South of Tarbert, the road climbs over a lunar-like moorland landscape before dropping back to the sea on the west side of South Harris. The views get ever more jaw dropping, like here at Horgabost, looking over Seilebost towards Luskentyre......

...and here at nearby Traigh Iar (West Beach) which is more prone to surf than most as it faces directly into the Atlantic.  Each time we passed this beach it had good rollers coming in, great for surfers, not so good for kayakers!

Dragging ones eye away from the sumptuous widescreen views, there was plenty of interest in smaller scale too.  Thrift (Armeria maritima) also known as Sea Pink is one of my favourite wildflowers.  A real flowerof late Spring into early Summer it seems to relish harsh conditions and thrives on rocky coasts and right up onto the summit of mountains.

We'd enjoyed superb wildlife, views to make you gasp out loud and magnificent beaches....and it was still only mid morning!  We headed to a little gem of a place to buy a picnic lunch.  Croft 36 at Northton sells bread, pies and all manner of superb food from this tiny shop.  Baking and cooking are done in the crofthouse over the road and the food is placed in the shop; you pay using an honesty box.  Check out the website or Facebook page and if you're on Harris, don't miss a visit to Croft 36.  The food is healthy, local and excellent - the prepared meals were better than any of the restaurant meals we ate.  Don't leave it late in the day though, Croft 36's reputation means that they sell out quickly.

Well provisioned with pies, rolls and cakes, we were ready to enjoy the rest of the day.....

Thursday 21 June 2018

An enriching encounter at Huisinis

I left Loch Crabhadail with some regret, it's a special place.  The fresh breeze was behind me as I headed back down the Caolas an Scarp toward Huisinis.  The wind combined with an  ebbing tide had me fairly racing along and I decided to continue around to the south facing beach rather than land on the slipway and trolley my boat back over the machair.

As I left the comparative shelter of the channel the ebb and wind began to oppose a big swell.  Rubha Huisinis (Huisinish Point) is a pretty "out there" place, fully exposed to the open ocean; in fact apart from a few skerries the next landfall to the west would be in Canada....

It's been a while since I've paddled in an Atlantic swell; this was the last image I took for quite a while.  While there was no breaking waves, the swell was typically long period and very powerful.  The noise of the swell bursting on the cliffs of the headland was really something and once I settled a bit the situation was really engaging.  I was acutely conscious of how thin the margins are here; a remote headland in a big sea in an area with little realistic prospect of rescue if things went wrong - it focuses the mind wonderfully!

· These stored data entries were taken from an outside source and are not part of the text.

text \<open>Induction on the number of variables: setting a singular literal of a minimum-degree
  variable keeps the deficiency and does not lower the minimum degree.\<close>

lemma MU_degree_pair:
  assumes "MU F" "deficiency F = int k" "2 \<le> k" "var F \<noteq> {}"
  shows "\<exists>e0 e1. minvdeg F \<le> e0 + e1
    \<and> degree_admissible mu k (e0 + e1) e0 \<and> degree_admissible mu k (e0 + e1) e1"
  using assms
proof (induction "card (var F)" arbitrary: F rule: less_induct)
  case less
  obtain G v where G: "saturated G" "deficiency G = int k" "var G = var F" "v \<in> var G"
    and min: "\<forall>w\<in>var G. vdeg G v \<le> vdeg G w" and FM: "minvdeg F \<le> vdeg G v"
    using ex_saturated_min_degree_var[OF less.prems(1,4)] less.prems(2) by metis
  have muG: "MU G" using G(1) by (rule saturated_MU)
  have finG: "finite (var G)" using finite_var[OF MU_is_clause_set[OF muG]] .
  have "0 < ld G (Pos v)" "0 < ld G (Neg v)" using MU_ld_pos[OF muG] G(4) by simp_all
  then consider (singular) y where "var_lit y = v" "ld G y = 1"
    | (nonsingular) "2 \<le> ld G (Pos v)" "2 \<le> ld G (Neg v)"
    by (metis One_nat_def Suc_1 Suc_leI le_neq_implies_less var_lit.simps)
  then show ?case
  proof cases
    case singular
    have y: "var_lit y \<in> var G" and minG: "\<forall>w\<in>var G. vdeg G (var_lit y) \<le> vdeg G w"
      using singular(1) G(4) min by simp_all
    note R = singular_reduct[OF G(1) y minG singular(2) G(2) less.prems(3)]
    have "card (var (assign G y)) < card (var F)"
      using card_Diff1_less[OF finG G(4)] R(3) G(3) singular(1) by simp
    then obtain e0 e1 where e: "minvdeg (assign G y) \<le> e0 + e1"
      "degree_admissible mu k (e0 + e1) e0" "degree_admissible mu k (e0 + e1) e1"
      using less.hyps R(1,2,4) less.prems(3) by blast
    have "vdeg G v \<le> minvdeg (assign G y)" using R(5) singular(1) by simp
    then show ?thesis using FM e by (meson le_trans)
  next
    case nonsingular
    have "vdeg G v = ld G (Pos v) + ld G (Neg v)" by (simp add: vdeg_def)
    moreover have "degree_admissible mu k (vdeg G v) (ld G (Pos v))"
      using degree_admissible_nonsingular[OF G(1), of "Pos v"] G(2,4) min nonsingular(1) by simp
    moreover have "degree_admissible mu k (vdeg G v) (ld G (Neg v))"
      using degree_admissible_nonsingular[OF G(1), of "Neg v"] G(2,4) min nonsingular(2) by simp
    ultimately show ?thesis using FM by metis
  qed
qed

lemma degree_admissible_bound_mono:
  assumes "\<forall>j\<ge>1. g j \<le> f j" "degree_admissible g k M e"
  shows "degree_admissible f k M e"
proof -
  have "enat M \<le> g (k - e + 1) + enat e" using assms(2) by (simp add: degree_admissible_def)
  also have "\<dots> \<le> f (k - e + 1) + enat e" using assms(1) by (intro add_right_mono) simp
  finally show ?thesis using assms(2) by (simp add: degree_admissible_def)
qed

lemma degree_admissible_lower:
  assumes mono: "mono_on {1..} f" and adm: "degree_admissible f k M e"
    and a: "2 \<le> a" "a \<le> e" "e - a \<le> M - m" "m \<le> M"
  shows "degree_admissible f k m a"
proof -
  have le: "f (k - e + 1) \<le> f (k - a + 1)" using mono a(2) by (intro mono_onD[OF mono]) auto
  have M: "enat M \<le> f (k - e + 1) + enat e" "e \<le> k" using adm by (simp_all add: degree_admissible_def)
  have "enat m \<le> f (k - a + 1) + enat a"
  proof (cases "f (k - e + 1)")
    case infinity
    then show ?thesis using le by simp
  next
    case (enat t)
    then have "M \<le> t + e" using M(1) by simp
    then have "enat m \<le> enat t + enat a" using a by simp
    also have "\<dots> \<le> f (k - a + 1) + enat a" using le enat by (intro add_right_mono) simp
    finally show ?thesis .
  qed
  then show ?thesis using a M(2) by (simp add: degree_admissible_def)
qed

lemma pdp_nonempty:
  assumes mono: "mono_on {1..} f"
    and adm: "degree_admissible f k (e0 + e1) e0" "degree_admissible f k (e0 + e1) e1"
    and m: "4 \<le> m" "m \<le> e0 + e1"
  shows "pdp f k m \<noteq> {}"
proof -
  have e: "2 \<le> e0" "2 \<le> e1" using adm by (simp_all add: degree_admissible_def)
  define a0 where "a0 = max 2 (m - e1)"
  define a1 where "a1 = m - a0"
  have a0: "2 \<le> a0" "a0 \<le> e0" "e0 - a0 \<le> e0 + e1 - m" using e m by (auto simp: a0_def)
  have a1: "2 \<le> a1" "a1 \<le> e1" "e1 - a1 \<le> e0 + e1 - m" using e m by (auto simp: a0_def a1_def)
  have "degree_admissible f k m a0" using degree_admissible_lower[OF mono adm(1) a0 m(2)] .
  moreover have "degree_admissible f k m a1" using degree_admissible_lower[OF mono adm(2) a1 m(2)] .
  moreover have "a0 + a1 = m" using e m by (simp add: a0_def a1_def)
  ultimately have "(min a0 a1, max a0 a1) \<in> pdp f k m"
    unfolding pdp_altdef by (auto simp: min_def max_def)
  then show ?thesis by blast
qed

theorem theorem13p10:
  fixes k m :: nat and f :: "nat \<Rightarrow> enat"
  assumes "k \<ge> 2" and "m \<ge> 4"
    and "valid_bounds_function f"
    and "pdp f k m = {}"
  shows "minvdeg_class (MU_delta k) < enat m"
proof -
  have mono: "mono_on {1..} f" and bound: "\<forall>j\<ge>1. mu j \<le> f j"
    using assms(3) by (simp_all add: valid_bounds_function_def)
  have "minvdeg F < m" if F: "F \<in> MU_delta k" "var F \<noteq> {}" for F
  proof (rule ccontr)
    assume "\<not> minvdeg F < m"
    have "MU F" "deficiency F = int k" using F(1) by (simp_all add: MU_delta_def)
    then obtain e0 e1 where e: "minvdeg F \<le> e0 + e1"
      "degree_admissible mu k (e0 + e1) e0" "degree_admissible mu k (e0 + e1) e1"
      using MU_degree_pair assms(1) F(2) by blast
    have "pdp f k m \<noteq> {}"
      using pdp_nonempty[OF mono degree_admissible_bound_mono[OF bound e(2)]
          degree_admissible_bound_mono[OF bound e(3)] assms(2)] \<open>\<not> minvdeg F < m\<close> e(1)
      by simp
    then show False using assms(4) by blast
  qed
  then have "minvdeg_class (MU_delta k) \<le> enat (m - 1)"
    unfolding minvdeg_class_def by (intro Sup_least) fastforce
  also have "\<dots> < enat m" using assms(2) by simp
  finally show ?thesis .
qed

end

Almost abreast of the point I entered a strange area of calm water where the foam from the bursting swells was forming a broad line arcing out from the headland.  There was no change in either breeze or swell but this just felt more relaxed and I followed the line of foam until I got close to the source at the south end of the headland.  It would have been interesting to get close in to the point, but prudence kept me at least a kilometre offshore.

Turning into the south facing bay brought an immediate change, sheltered from both wind and swell.  It was a different world and a relaxing end to a few hours on this great stretch of the Hebridean coast.  A gentle landing and a short carry up the beach were a bonus too.

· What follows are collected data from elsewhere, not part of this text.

(* Let $n$ be a positive integer. All eigenvalues of the Fibonacci--Redheffer matrix $F_R(n)$ are real and simple (of algebraic multiplicity $1$). Furthermore, if $\lambda_1<\lambda_2<\cdots<\lambda_n$ are the eigenvalues of $F_R(n)$, then \[ \lambda_1<1,\qquad F_i<\lambda_i<F_{i+1}\ \ (i=2,3,\ldots,n-1),\qquad \lambda_n>F_n. \]
   Context: The Fibonacci numbers are $F_1=F_2=1$, $F_n=F_{n-1}+F_{n-2}$ for $n\ge 3$. The Fibonacci--Redheffer matrix $F_R(n)=[F_R(i,j)]_{i,j=1}^n$ is defined by $F_R(i,j)=1$ if $j=1$; $F_R(i,j)=F_i$ if $i\mid j$; and $F_R(i,j)=0$ otherwise. *)

theory Defs
  imports "Jordan_Normal_Form.Char_Poly" "HOL-Number_Theory.Fib"
begin

text \<open>Fibonacci--Redheffer matrix F_R(n), as a complex n x n matrix.
  Paper indices 1..n correspond to 0-based indices i, j < n via i+1, j+1.
  fib is the library Fibonacci function: fib 1 = fib 2 = 1.\<close>
definition FR :: "nat \<Rightarrow> complex mat" where
  "FR n = mat n n (\<lambda>(i, j).
      if j + 1 = 1 then 1
      else if (i + 1) dvd (j + 1) then of_nat (fib (i + 1))
      else 0)"

end

theory Submission
  imports Defs
begin

(* Write F_i = fib i and index rows and columns by 1..n. Then x I - F_R(n) = A(x) - u e_1^T,
   where A(x) is upper triangular with diagonal entries x - F_i and entries -F_i at (i, j) for
   i < j, i | j, and u = (0, 1, ..., 1)^T. By the matrix determinant lemma,
   det (x I - F_R(n)) = prod_i (x - F_i) - h_1(x), where h_i(x) / prod_{i <= c <= n} (x - F_c) is
   the i-th entry of A(x)^-1 u; back substitution shows that each h_i is a polynomial.
   At x = F_k with 2 <= k <= n the product vanishes. For m >= k the ratios
   h_m(F_k) / prod_{m < c <= n} (F_k - F_c) lie in (0, 1], by downward induction on m, because
   F_m * sum {1 / (F_l - F_m) | m < l <= n, m dvd l} < 1; this is a geometric series estimate, as
   F_((t+1)m) - F_m >= 2 (F_(tm) - F_m). Propagating signs down to h_1 gives
   (-1)^(n-k) det (F_k I - F_R(n)) < 0. Hence the characteristic polynomial changes sign on each of
   the n disjoint intervals (-oo, F_2), (F_k, F_(k+1)) for 2 <= k < n, and (F_n, oo). The n roots
   found there are all the roots, so they are the eigenvalues and each of them is simple. *)

section \<open>A geometric estimate for Fibonacci numbers\<close>

lemma sum_inverse_less_of_growth:
  fixes a :: "nat \<Rightarrow> real"
  assumes q: "1 < q"
    and pos: "\<And>t. m \<le> t \<Longrightarrow> 0 < a t"
    and growth: "\<And>t. m \<le> t \<Longrightarrow> q * a t \<le> a (Suc t)"
  shows "(\<Sum>t = m..T. 1 / a t) < q / (q - 1) / a m"
proof (cases "m \<le> Suc T")
  case False
  then show ?thesis using q pos[of m] by simp
next
  case True
  let ?c = "q / (q - 1)"
  have "1 / a t \<le> ?c * (1 / a t - 1 / a (Suc t))" if "m \<le> t" for t
  proof -
    have "0 < q * a t" using pos[OF that] q by simp
    then have "1 / a (Suc t) \<le> 1 / (q * a t)"
      using growth[OF that] by (intro divide_left_mono) auto
    then have "?c * (1 / a t - 1 / (q * a t)) \<le> ?c * (1 / a t - 1 / a (Suc t))"
      using q by (intro mult_left_mono) auto
    moreover have "?c * (1 / a t - 1 / (q * a t)) = 1 / a t"
      using q pos[OF that] by (simp add: field_simps)
    ultimately show ?thesis by simp
  qed
  then have "(\<Sum>t = m..T. 1 / a t) \<le> (\<Sum>t = m..T. ?c * (1 / a t - 1 / a (Suc t)))"
    by (intro sum_mono) auto
  also have "\<dots> = ?c * (\<Sum>t = m..T. 1 / a t - 1 / a (Suc t))"
    by (rule sum_distrib_left[symmetric])
  also have "\<dots> = ?c * (1 / a m - 1 / a (Suc T))"
    using sum_Suc_diff[OF True, of "\<lambda>t. - (1 / a t)"] by simp
  also have "\<dots> < ?c / a m"
    using q pos[of m] pos[of "Suc T"] True by (simp add: field_simps)
  finally show ?thesis .
qed

lemma fib_strict_mono:
  assumes "2 \<le> i" "i < j"
  shows "fib i < fib j"
proof -
  have "fib (Suc i) = fib i + fib (i - 1)"
    using fib_plus_2[of "i - 1"] assms(1) by (simp add: numeral_2_eq_2)
  moreover have "0 < fib (i - 1)" using assms(1) by (simp add: fib_neq_0_nat)
  ultimately show ?thesis using fib_mono[of "Suc i" j] assms(2) by simp
qed

lemma fib_double_le_fib_add:
  assumes "2 \<le> j"
  shows "2 * fib m \<le> fib (m + j)"
proof -
  have "2 * fib m \<le> fib (m + 2)"
    using fib_plus_2[of m] fib_Suc_mono[of m] by simp
  also have "\<dots> \<le> fib (m + j)" using assms by (intro fib_mono) simp
  finally show ?thesis .
qed

lemma fib_triple_le_fib_double:
  assumes "2 \<le> j"
  shows "3 * fib j \<le> fib (2 * j)"
proof -
  have "1 \<le> fib (j - 1)" using assms by (simp add: Suc_le_eq fib_neq_0_nat)
  then show ?thesis by (simp add: fib_rec_even')
qed

definition multiples_upto :: "nat \<Rightarrow> nat \<Rightarrow> nat set" where
  "multiples_upto n j = {l. j < l \<and> l \<le> n \<and> j dvd l}"

lemma finite_multiples_upto [simp]: "finite (multiples_upto n j)"
  unfolding multiples_upto_def by (rule finite_subset[of _ "{..n}"]) auto

lemma fib_multiples_inverse_sum_less:
  assumes j: "2 \<le> j"
  shows "fib j * (\<Sum>l\<in>multiples_upto n j. 1 / (real (fib l) - fib j)) < 1"
proof -
  define a where "a t = real (fib (t * j)) - fib j" for t
  have fib_j: "0 < real (fib j)" using j by (simp add: fib_neq_0_nat)
  have a2: "2 * fib j \<le> a 2"
    using fib_triple_le_fib_double[OF j]
    unfolding a_def of_nat_le_iff[symmetric] by (simp add: mult.commute)
  have pos: "0 < a t" if "2 \<le> t" for t
    using fib_strict_mono[OF j, of "t * j"] that j by (simp add: a_def)
  have growth: "2 * a t \<le> a (Suc t)" if "2 \<le> t" for t
    using fib_double_le_fib_add[OF j, of "t * j"] fib_j
    unfolding a_def of_nat_le_iff[symmetric] by (simp add: add.commute)
  have sub: "multiples_upto n j \<subseteq> (\<lambda>t. t * j) ` {2..n}"
  proof
    fix l assume "l \<in> multiples_upto n j"
    then obtain t where l: "l = t * j" "j < l" "l \<le> n"
      by (auto simp: multiples_upto_def mult.commute elim!: dvdE)
    then have "\<not> t \<le> 1" using mult_le_mono1[of t 1 j] by auto
    moreover have "t \<le> n"
      using l j by (metis le_trans mult_le_mono2 nat_mult_1_right one_le_numeral mult.commute)
    ultimately show "l \<in> (\<lambda>t. t * j) ` {2..n}" using l by auto
  qed
  have "(\<Sum>l\<in>multiples_upto n j. 1 / (real (fib l) - fib j))
      \<le> (\<Sum>l\<in>(\<lambda>t. t * j) ` {2..n}. 1 / (real (fib l) - fib j))"
    using sub by (intro sum_mono2) (auto intro!: fib_mono)
  also have "\<dots> = (\<Sum>t = 2..n. 1 / a t)"
    using j by (subst sum.reindex) (auto simp: inj_on_def a_def)
  also have "\<dots> < 2 / (2 - 1) / a 2"
    using pos growth by (intro sum_inverse_less_of_growth) auto
  also have "\<dots> \<le> 1 / fib j"
    using a2 fib_j by (simp add: field_simps)
  finally show ?thesis using fib_j by (simp add: field_simps)
qed

section \<open>Real roots of polynomials\<close>

lemma poly_root_between:
  fixes p :: "real poly"
  assumes "a < b" "s * poly p a < 0" "0 < s * poly p b"
  obtains y where "a < y" "y < b" "poly p y = 0"
proof -
  have "s * s * (poly p a * poly p b) < 0"
    using mult_neg_pos[OF assms(2,3)] by (simp add: mult_ac)
  then have "poly p a * poly p b < 0"
    using zero_le_square[of s] by (auto simp: mult_less_0_iff)
  then show ?thesis using poly_IVT[OF assms(1)] that by blast
qed

lemma poly_roots_in_intervals:
  fixes p :: "real poly" and lo hi s :: "nat \<Rightarrow> real"
  assumes "\<And>k. k \<in> {1..n} \<Longrightarrow> lo k < hi k"
    and "\<And>k. k \<in> {1..n} \<Longrightarrow> s k * poly p (lo k) < 0"
    and "\<And>k. k \<in> {1..n} \<Longrightarrow> 0 < s k * poly p (hi k)"
    and "\<And>i j. i \<in> {1..n} \<Longrightarrow> j \<in> {1..n} \<Longrightarrow> i < j \<Longrightarrow> hi i \<le> lo j"
  obtains r where "\<And>k. k \<in> {1..n} \<Longrightarrow> poly p (r k) = 0 \<and> lo k < r k \<and> r k < hi k"
    and "strict_mono_on {1..n} r"
proof -
  have "\<forall>k\<in>{1..n}. \<exists>y. poly p y = 0 \<and> lo k < y \<and> y < hi k"
  proof
    fix k assume k: "k \<in> {1..n}"
    show "\<exists>y. poly p y = 0 \<and> lo k < y \<and> y < hi k"
      by (rule poly_root_between[OF assms(1-3)[OF k]]) blast
  qed
  then obtain r where r: "\<And>k. k \<in> {1..n} \<Longrightarrow> poly p (r k) = 0 \<and> lo k < r k \<and> r k < hi k"
    by metis
  moreover have "strict_mono_on {1..n} r"
  proof (rule strict_mono_onI)
    fix i j assume ij: "i \<in> {1..n}" "j \<in> {1..n}" "i < j"
    then have "r i < hi i" "hi i \<le> lo j" "lo j < r j" using r assms(4) by auto
    then show "r i < r j" by linarith
  qed
  ultimately show ?thesis using that by blast
qed

lemma poly_sign_at_bot:
  fixes p :: "real poly"
  assumes "0 < lead_coeff p"
  obtains a where "\<And>x. x \<le> a \<Longrightarrow> 0 < (-1) ^ degree p * poly p x"
proof -
  define q where "q = Polynomial.smult ((-1) ^ degree p) (p \<circ>\<^sub>p [:0, -1:])"
  have "lead_coeff (p \<circ>\<^sub>p [:0, -1:]) = lead_coeff p * (-1) ^ degree p"
    by (subst lead_coeff_comp) simp_all
  then have "lead_coeff q = lead_coeff p * ((-1) ^ degree p * (-1) ^ degree p)"
    by (simp add: q_def lead_coeff_smult mult_ac)
  then have "lead_coeff q = lead_coeff p" by (simp flip: power_mult_distrib)
  then obtain N where N: "\<And>y. N \<le> y \<Longrightarrow> lead_coeff p \<le> poly q y"
    using poly_pinfty_gt_lc[of q] assms by auto
  have "0 < (-1) ^ degree p * poly p x" if "x \<le> - N" for x
    using N[of "- x"] that assms by (simp add: q_def poly_pcompose)
  then show ?thesis using that by blast
qed

lemma proots_eq_mset_set:
  fixes p :: "complex poly"
  assumes p: "p \<noteq> 0" and R: "finite R" "card R = degree p"
    and roots: "\<And>z. z \<in> R \<Longrightarrow> poly p z = 0"
  shows "proots p = mset_set R"
proof -
  have "mset_set R \<subseteq># proots p"
  proof (rule mset_subset_eqI)
    fix z
    show "count (mset_set R) z \<le> count (proots p) z"
      using roots[of z] p R(1) order_root[of p z] by (cases "z \<in> R") auto
  qed
  moreover have "size (mset_set R) = size (proots p)"
    using R by (simp add: size_proots_complex)
  ultimately show ?thesis
    using mset_subset_size[of "mset_set R" "proots p"] by (auto simp: subset_mset.le_less)
qed

lemma strict_mono_on_eq_if_image_eq:
  fixes f g :: "nat \<Rightarrow> 'a :: linorder"
  assumes f: "strict_mono_on {m..n} f" and g: "strict_mono_on {m..n} g"
    and image: "f ` {m..n} = g ` {m..n}" and i: "i \<in> {m..n}"
  shows "f i = g i"
proof -
  have sorted: "sorted_wrt (<) (map h [m..<Suc n])" if "strict_mono_on {m..n} h" for h :: "nat \<Rightarrow> 'a"
    by (intro sorted_wrt_map_mono[OF sorted_wrt_upt]) (auto intro!: strict_mono_onD[OF that])
  have "set (map f [m..<Suc n]) = set (map g [m..<Suc n])"
    using image by (simp add: atLeastLessThanSuc_atLeastAtMost del: upt_Suc)
  then have "map f [m..<Suc n] = map g [m..<Suc n]"
    using sorted[OF f] sorted[OF g]
    by (intro sorted_distinct_set_unique) (simp_all add: strict_sorted_iff)
  then show ?thesis
    using i by (simp add: map_eq_conv del: upt_Suc)
qed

There's a new building at Huisinis together with an enlarged parking area;the Huisinis Gateway is a great initiative by the community-owned North Harris Trust.  There are toilets and showers within the building along with indoor picnic benches and information boards.  A site for camper vans is a little way along the road too, constructed to keep vehicles off the sensitive machair.

As we packed up and had a flask of tea before heading back along the road, our day was made even better when we spent some time chatting with another visitor.  A very sprightly 97 year old gentleman stopped to look at the kayak and to talk about how kayak design has evolved.  He'd served in the Royal Navy throughout World War 2 and had then been one of the instructors at the Outward Bound school in Ullswater in the Lake District.  He mentioned a fifteen year stint in East Africa too....it was one of those conversations where one feels enriched by having met such a wonderful person; I really regret not asking his name and learning more about a life well-lived.  That he was holidaying with his daughter from his home in Devon (just about as far away as you can get in UK) and was full of excitement at the trip was just remarkable.

Tuesday 19 June 2018

The black sheiling of Loch Crabhadail

The curving beach of Traigh Mheilein is a delight; a bold curve of dazzling white sand backed by dunes.  The seabed is also white sand for most of the width of the shallow Caolas an Scarp, and reflects light in beautiful aquamarine shades. I paddled along the length of the beach, then around Rubh an Tighe (point of the house) to land on yet another fine beach.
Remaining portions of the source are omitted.